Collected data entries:
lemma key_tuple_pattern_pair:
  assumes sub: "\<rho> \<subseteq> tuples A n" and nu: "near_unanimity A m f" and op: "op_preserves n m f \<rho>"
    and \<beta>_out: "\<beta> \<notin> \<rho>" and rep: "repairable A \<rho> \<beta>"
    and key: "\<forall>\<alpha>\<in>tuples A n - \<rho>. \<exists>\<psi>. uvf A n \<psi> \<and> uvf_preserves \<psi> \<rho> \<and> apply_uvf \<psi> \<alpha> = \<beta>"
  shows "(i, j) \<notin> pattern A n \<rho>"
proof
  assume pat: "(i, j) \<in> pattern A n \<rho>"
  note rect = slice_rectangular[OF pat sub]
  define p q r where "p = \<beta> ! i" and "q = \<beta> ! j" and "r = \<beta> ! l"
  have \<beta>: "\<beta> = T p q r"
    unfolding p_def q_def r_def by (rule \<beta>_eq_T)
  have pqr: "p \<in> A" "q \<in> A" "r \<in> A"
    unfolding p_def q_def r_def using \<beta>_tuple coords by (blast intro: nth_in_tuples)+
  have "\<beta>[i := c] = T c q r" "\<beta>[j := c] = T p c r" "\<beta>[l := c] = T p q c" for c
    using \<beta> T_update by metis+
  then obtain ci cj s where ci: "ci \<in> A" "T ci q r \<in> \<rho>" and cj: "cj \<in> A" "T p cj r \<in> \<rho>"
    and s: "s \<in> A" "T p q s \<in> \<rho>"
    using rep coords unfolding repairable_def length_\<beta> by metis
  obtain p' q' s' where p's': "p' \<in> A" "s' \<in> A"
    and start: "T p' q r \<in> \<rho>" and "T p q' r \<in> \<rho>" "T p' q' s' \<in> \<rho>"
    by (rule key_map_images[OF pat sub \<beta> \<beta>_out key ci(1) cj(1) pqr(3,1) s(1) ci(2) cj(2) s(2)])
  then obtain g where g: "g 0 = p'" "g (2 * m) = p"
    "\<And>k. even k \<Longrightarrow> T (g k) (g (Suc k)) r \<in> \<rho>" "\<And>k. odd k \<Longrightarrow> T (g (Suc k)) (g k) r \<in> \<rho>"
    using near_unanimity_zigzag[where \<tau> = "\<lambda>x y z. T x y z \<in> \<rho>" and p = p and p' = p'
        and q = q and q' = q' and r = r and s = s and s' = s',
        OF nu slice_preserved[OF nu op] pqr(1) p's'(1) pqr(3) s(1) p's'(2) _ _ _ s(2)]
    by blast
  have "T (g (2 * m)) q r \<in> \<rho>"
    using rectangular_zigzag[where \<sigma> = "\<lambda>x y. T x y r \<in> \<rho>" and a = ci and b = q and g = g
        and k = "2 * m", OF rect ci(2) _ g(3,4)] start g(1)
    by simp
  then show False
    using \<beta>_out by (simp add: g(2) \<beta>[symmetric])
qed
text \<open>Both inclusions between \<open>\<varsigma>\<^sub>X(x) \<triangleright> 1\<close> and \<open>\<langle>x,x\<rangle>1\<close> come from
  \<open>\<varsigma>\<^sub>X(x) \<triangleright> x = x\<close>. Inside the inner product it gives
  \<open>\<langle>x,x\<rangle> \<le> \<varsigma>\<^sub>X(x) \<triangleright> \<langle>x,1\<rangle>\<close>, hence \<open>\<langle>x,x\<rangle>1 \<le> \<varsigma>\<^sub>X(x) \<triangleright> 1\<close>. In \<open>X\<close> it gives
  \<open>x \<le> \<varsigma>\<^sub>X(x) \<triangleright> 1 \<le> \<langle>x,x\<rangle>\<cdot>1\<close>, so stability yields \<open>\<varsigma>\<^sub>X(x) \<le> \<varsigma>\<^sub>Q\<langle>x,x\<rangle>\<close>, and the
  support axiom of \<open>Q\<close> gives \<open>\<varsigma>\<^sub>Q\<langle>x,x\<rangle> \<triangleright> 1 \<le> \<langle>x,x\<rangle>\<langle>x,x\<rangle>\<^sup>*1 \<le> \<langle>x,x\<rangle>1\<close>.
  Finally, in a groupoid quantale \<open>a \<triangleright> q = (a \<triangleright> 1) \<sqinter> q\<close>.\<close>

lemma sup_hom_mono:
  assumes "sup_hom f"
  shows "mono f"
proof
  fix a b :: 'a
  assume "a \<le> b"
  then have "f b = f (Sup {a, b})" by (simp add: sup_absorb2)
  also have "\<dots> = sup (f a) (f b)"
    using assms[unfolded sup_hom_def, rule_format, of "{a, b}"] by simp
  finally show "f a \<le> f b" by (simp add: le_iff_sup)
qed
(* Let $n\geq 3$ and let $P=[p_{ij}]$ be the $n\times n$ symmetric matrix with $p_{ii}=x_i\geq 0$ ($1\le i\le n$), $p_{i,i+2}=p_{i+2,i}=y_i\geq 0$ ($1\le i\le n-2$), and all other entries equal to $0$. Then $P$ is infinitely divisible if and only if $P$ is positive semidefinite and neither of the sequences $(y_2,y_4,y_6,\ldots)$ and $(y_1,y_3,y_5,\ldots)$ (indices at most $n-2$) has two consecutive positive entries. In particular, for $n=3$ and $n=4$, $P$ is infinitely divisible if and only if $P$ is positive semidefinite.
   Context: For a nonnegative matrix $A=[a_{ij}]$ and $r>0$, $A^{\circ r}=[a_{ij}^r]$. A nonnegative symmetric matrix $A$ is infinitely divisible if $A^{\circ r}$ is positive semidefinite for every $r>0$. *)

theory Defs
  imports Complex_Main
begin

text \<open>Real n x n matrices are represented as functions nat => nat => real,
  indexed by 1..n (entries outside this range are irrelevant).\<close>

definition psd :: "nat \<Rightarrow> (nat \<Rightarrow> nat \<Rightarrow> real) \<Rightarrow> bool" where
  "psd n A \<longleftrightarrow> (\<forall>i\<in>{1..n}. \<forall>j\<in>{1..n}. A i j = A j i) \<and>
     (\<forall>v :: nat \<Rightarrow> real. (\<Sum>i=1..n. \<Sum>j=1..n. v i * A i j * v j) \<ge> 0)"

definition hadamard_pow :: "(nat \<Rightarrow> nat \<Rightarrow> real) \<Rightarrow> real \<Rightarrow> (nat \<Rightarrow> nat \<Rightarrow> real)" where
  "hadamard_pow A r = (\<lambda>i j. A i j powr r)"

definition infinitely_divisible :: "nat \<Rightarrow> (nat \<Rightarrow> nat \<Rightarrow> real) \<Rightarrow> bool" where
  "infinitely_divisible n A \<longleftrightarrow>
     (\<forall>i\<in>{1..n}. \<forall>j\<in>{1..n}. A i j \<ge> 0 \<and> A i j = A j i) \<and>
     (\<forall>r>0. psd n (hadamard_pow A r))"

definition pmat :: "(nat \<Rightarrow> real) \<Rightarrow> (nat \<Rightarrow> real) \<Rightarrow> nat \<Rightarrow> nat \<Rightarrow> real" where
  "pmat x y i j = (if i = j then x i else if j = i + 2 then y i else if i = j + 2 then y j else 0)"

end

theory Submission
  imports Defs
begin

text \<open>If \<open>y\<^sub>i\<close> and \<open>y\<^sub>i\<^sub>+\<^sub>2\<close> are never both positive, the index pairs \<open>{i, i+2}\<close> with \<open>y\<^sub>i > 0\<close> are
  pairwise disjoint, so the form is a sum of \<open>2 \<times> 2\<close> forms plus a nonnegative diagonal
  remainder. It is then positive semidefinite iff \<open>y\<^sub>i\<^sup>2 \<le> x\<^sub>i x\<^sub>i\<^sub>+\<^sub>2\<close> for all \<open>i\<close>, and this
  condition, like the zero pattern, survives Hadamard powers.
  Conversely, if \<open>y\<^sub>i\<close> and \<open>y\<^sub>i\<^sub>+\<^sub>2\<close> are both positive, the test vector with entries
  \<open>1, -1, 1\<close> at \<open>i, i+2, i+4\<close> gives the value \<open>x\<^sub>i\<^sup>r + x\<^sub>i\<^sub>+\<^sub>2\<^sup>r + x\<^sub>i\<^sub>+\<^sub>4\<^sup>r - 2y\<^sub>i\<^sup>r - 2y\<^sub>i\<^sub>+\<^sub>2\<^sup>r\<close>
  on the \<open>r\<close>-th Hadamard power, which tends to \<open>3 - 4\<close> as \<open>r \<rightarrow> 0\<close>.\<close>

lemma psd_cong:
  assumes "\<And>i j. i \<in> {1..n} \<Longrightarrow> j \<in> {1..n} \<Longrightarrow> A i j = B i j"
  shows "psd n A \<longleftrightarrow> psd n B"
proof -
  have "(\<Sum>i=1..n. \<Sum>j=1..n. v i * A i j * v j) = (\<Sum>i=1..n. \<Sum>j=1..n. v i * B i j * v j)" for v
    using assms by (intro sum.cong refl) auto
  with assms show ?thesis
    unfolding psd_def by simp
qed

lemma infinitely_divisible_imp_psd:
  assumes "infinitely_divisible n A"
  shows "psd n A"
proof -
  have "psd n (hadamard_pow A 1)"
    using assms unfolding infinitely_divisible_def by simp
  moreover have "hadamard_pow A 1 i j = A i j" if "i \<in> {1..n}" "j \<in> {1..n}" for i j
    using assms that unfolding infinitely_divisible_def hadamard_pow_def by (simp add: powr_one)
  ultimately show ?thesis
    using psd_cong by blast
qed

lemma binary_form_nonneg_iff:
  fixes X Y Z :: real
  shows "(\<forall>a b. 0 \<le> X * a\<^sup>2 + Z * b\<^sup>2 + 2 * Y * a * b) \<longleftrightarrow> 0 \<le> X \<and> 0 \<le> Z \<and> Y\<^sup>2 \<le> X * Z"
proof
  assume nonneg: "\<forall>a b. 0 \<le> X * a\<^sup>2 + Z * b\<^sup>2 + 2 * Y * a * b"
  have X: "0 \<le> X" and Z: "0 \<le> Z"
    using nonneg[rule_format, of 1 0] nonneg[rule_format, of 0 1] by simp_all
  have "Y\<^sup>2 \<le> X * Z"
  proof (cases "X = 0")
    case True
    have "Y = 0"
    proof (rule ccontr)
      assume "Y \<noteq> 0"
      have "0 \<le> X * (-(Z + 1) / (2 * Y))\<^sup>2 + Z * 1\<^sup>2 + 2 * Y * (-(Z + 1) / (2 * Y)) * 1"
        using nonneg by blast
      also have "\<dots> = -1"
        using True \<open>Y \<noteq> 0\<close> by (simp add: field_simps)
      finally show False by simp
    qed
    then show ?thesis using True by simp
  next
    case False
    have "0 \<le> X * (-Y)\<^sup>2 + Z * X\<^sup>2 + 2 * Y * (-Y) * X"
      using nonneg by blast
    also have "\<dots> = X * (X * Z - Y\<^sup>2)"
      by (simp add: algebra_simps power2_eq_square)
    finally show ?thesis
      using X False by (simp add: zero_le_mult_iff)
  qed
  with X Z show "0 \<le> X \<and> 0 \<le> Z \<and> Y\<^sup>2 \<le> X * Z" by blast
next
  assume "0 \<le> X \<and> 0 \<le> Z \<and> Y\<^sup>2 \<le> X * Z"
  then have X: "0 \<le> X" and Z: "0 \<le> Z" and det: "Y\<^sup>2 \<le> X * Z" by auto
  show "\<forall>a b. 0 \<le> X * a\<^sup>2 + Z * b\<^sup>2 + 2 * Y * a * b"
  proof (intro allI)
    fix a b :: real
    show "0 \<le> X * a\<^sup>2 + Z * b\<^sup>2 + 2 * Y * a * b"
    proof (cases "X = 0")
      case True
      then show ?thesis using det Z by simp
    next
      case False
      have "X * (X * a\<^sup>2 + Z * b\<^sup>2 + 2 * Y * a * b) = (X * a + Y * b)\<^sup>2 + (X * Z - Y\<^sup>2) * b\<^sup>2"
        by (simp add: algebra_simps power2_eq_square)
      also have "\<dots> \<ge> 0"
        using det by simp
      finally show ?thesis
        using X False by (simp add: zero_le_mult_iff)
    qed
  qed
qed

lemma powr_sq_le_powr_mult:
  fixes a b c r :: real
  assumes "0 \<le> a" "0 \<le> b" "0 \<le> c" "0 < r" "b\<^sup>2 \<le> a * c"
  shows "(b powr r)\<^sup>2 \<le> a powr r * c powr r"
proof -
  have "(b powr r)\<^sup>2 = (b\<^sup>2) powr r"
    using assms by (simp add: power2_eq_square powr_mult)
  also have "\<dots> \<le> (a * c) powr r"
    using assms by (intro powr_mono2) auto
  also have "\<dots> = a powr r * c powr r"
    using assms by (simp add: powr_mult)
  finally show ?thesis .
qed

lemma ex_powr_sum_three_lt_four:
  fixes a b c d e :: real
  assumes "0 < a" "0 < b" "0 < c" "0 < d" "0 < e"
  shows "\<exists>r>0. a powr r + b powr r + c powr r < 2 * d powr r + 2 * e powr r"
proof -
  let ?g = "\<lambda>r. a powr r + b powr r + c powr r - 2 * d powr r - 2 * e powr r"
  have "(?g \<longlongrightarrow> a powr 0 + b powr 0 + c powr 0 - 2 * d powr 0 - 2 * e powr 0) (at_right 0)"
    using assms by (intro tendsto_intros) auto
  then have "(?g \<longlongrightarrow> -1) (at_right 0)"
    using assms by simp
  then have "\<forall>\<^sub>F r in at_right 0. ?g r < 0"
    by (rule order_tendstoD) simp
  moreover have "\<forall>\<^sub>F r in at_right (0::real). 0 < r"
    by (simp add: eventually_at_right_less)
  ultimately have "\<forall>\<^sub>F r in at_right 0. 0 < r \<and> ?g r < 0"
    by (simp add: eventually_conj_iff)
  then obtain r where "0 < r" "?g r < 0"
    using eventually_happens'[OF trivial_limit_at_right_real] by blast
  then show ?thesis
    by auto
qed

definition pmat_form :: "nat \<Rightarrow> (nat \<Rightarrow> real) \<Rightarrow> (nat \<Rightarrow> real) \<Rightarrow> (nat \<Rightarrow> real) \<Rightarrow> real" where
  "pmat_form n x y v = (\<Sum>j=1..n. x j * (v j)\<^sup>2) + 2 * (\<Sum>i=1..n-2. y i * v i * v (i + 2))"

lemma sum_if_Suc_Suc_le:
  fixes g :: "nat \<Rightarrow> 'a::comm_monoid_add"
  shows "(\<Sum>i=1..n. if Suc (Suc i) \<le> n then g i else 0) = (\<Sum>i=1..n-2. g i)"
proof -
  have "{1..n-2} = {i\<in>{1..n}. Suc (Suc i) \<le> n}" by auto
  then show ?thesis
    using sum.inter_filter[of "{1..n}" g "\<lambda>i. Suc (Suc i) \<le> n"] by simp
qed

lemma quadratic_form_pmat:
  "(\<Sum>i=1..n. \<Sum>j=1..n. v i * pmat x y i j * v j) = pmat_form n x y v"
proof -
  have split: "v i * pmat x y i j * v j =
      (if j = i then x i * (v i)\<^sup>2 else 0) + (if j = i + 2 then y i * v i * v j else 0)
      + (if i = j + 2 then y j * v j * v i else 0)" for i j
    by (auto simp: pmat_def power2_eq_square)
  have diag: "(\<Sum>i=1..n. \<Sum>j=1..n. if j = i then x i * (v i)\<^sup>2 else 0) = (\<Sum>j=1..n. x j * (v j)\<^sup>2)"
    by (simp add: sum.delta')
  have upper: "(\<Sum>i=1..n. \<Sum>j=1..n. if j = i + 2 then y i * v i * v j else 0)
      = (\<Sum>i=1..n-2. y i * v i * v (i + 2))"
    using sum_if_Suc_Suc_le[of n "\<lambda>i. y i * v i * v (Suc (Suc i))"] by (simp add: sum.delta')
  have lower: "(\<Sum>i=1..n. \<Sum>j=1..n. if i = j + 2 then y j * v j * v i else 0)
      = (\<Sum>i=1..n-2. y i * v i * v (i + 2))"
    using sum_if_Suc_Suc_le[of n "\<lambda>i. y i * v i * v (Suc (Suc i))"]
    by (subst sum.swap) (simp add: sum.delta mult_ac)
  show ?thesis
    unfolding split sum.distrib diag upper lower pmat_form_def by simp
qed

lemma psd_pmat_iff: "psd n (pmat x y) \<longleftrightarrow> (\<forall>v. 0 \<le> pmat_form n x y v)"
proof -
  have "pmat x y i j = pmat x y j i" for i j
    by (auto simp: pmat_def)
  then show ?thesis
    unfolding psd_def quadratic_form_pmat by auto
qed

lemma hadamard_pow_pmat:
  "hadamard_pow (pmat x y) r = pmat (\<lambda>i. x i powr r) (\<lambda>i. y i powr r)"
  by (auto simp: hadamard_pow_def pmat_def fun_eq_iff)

What to do:
In the entries above, please find the line with "using assms by simp" and the line with "v = (\<Sum>j=1..n.", then write out exactly those two lines and every line between them, and nothing more.

Solution for this task:
    using assms by simp
  then have "\<forall>\<^sub>F r in at_right 0. ?g r < 0"
    by (rule order_tendstoD) simp
  moreover have "\<forall>\<^sub>F r in at_right (0::real). 0 < r"
    by (simp add: eventually_at_right_less)
  ultimately have "\<forall>\<^sub>F r in at_right 0. 0 < r \<and> ?g r < 0"
    by (simp add: eventually_conj_iff)
  then obtain r where "0 < r" "?g r < 0"
    using eventually_happens'[OF trivial_limit_at_right_real] by blast
  then show ?thesis
    by auto
qed

definition pmat_form :: "nat \<Rightarrow> (nat \<Rightarrow> real) \<Rightarrow> (nat \<Rightarrow> real) \<Rightarrow> (nat \<Rightarrow> real) \<Rightarrow> real" where
  "pmat_form n x y v = (\<Sum>j=1..n. x j * (v j)\<^sup>2) + 2 * (\<Sum>i=1..n-2. y i * v i * v (i + 2))"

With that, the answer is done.